• Assignment: Which lines of the data hold the word "esub"? Copy all of them.

Stored data entries:
****************************************

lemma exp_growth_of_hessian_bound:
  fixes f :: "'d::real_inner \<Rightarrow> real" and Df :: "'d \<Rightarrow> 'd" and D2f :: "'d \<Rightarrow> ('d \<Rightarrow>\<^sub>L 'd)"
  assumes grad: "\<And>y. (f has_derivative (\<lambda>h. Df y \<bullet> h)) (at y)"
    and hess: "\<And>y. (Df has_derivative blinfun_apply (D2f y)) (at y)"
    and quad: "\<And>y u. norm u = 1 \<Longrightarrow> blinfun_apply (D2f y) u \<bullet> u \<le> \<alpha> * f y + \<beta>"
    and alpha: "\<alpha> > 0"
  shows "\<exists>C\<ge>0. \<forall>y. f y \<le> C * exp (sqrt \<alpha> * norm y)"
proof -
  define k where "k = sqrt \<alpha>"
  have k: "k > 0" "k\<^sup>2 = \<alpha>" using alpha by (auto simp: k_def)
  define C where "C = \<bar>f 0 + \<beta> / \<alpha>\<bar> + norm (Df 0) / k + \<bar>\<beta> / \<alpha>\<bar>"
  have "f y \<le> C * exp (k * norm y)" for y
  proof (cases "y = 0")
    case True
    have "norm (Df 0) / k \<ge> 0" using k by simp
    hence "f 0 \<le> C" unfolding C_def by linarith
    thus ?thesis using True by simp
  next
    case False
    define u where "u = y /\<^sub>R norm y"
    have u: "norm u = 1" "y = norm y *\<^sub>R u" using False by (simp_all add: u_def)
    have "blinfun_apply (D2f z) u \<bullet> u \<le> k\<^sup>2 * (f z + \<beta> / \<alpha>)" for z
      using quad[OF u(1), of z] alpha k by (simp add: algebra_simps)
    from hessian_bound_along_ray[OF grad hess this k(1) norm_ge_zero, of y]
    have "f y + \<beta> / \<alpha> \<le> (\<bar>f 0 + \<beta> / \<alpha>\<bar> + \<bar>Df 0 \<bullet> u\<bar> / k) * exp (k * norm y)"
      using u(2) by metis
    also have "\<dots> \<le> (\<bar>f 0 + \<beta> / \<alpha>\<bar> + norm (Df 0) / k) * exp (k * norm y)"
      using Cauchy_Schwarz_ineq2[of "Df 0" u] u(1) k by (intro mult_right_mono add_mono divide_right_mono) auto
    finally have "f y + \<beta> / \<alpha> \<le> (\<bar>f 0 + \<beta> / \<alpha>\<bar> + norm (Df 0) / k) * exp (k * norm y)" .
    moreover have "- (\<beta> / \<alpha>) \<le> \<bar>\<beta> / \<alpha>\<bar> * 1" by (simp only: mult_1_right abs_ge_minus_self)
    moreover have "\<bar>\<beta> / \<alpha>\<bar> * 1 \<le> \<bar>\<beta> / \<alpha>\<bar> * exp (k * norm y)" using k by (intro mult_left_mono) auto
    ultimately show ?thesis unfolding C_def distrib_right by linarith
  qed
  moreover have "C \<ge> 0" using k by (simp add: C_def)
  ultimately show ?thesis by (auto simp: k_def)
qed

****************************************

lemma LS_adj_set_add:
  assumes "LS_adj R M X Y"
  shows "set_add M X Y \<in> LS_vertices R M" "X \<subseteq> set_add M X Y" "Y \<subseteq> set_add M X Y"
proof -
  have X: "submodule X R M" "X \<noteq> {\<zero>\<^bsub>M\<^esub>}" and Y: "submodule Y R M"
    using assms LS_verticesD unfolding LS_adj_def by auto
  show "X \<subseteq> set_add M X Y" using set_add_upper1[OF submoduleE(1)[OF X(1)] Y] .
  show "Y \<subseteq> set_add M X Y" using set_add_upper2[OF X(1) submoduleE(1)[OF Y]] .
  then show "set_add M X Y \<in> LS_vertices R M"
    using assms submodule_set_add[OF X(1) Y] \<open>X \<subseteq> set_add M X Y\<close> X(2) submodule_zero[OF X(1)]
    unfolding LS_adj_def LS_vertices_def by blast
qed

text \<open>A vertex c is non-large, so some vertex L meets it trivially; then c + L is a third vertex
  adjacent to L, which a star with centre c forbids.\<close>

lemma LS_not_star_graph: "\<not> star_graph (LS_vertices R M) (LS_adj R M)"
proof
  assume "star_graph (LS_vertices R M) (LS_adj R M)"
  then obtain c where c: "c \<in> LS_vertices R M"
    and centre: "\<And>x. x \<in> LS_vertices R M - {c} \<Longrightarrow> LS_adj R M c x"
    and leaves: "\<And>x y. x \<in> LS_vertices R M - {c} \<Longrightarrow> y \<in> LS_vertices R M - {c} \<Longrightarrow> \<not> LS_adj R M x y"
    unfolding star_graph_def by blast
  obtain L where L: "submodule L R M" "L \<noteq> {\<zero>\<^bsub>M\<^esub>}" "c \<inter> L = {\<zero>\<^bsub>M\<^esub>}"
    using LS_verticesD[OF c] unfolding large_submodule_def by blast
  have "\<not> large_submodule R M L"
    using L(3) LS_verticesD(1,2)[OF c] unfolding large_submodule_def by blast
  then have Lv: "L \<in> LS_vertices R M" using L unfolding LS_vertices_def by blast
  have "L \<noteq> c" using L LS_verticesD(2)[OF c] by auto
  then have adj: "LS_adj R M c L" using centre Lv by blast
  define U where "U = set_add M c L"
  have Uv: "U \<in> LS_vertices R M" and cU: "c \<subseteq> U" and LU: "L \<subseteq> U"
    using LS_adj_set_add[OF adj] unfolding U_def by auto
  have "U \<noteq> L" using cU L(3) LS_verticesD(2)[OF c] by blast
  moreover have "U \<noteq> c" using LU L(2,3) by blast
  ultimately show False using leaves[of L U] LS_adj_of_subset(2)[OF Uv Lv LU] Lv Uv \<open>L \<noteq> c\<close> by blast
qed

****************************************

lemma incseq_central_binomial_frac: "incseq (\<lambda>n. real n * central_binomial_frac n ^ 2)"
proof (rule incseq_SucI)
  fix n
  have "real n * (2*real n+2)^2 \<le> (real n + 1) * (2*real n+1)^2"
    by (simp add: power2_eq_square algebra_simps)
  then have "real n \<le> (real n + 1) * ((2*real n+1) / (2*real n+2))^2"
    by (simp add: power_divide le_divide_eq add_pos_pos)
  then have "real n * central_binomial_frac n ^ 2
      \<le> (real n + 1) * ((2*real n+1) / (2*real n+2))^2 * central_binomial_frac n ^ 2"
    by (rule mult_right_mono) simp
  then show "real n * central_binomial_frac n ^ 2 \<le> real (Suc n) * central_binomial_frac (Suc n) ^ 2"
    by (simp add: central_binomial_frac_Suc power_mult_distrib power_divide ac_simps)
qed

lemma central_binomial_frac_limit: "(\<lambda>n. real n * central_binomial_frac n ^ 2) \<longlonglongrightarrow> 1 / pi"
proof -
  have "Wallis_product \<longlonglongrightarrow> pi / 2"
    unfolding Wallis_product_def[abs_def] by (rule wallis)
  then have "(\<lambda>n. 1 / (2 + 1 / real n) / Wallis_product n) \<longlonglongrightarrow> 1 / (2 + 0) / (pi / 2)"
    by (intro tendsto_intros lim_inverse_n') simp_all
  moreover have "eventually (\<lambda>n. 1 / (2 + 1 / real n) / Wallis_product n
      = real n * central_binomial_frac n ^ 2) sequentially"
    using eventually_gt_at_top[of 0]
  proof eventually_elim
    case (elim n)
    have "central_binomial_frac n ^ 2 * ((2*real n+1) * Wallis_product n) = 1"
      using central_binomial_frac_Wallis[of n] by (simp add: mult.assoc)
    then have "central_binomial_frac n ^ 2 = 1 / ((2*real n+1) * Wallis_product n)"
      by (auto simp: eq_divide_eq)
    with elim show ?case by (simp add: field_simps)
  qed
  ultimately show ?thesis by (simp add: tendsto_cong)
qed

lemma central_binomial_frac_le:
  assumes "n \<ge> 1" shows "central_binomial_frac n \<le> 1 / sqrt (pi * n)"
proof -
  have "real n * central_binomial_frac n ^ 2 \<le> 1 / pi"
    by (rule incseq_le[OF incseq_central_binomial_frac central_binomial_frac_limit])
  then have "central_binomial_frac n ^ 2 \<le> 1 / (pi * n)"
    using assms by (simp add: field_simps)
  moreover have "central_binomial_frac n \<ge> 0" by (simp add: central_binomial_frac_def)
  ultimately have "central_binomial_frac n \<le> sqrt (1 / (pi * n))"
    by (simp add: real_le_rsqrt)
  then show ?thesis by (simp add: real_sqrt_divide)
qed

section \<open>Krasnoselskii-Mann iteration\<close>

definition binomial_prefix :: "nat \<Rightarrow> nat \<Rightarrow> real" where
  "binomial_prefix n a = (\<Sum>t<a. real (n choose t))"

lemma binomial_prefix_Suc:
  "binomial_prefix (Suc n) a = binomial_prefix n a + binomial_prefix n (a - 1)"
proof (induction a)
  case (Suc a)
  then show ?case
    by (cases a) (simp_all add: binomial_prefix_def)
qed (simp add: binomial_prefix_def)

****************************************

• Reply:
  have X: "submodule X R M" "X \<noteq> {\<zero>\<^bsub>M\<^esub>}" and Y: "submodule Y R M"
  obtain L where L: "submodule L R M" "L \<noteq> {\<zero>\<^bsub>M\<^esub>}" "c \<inter> L = {\<zero>\<^bsub>M\<^esub>}"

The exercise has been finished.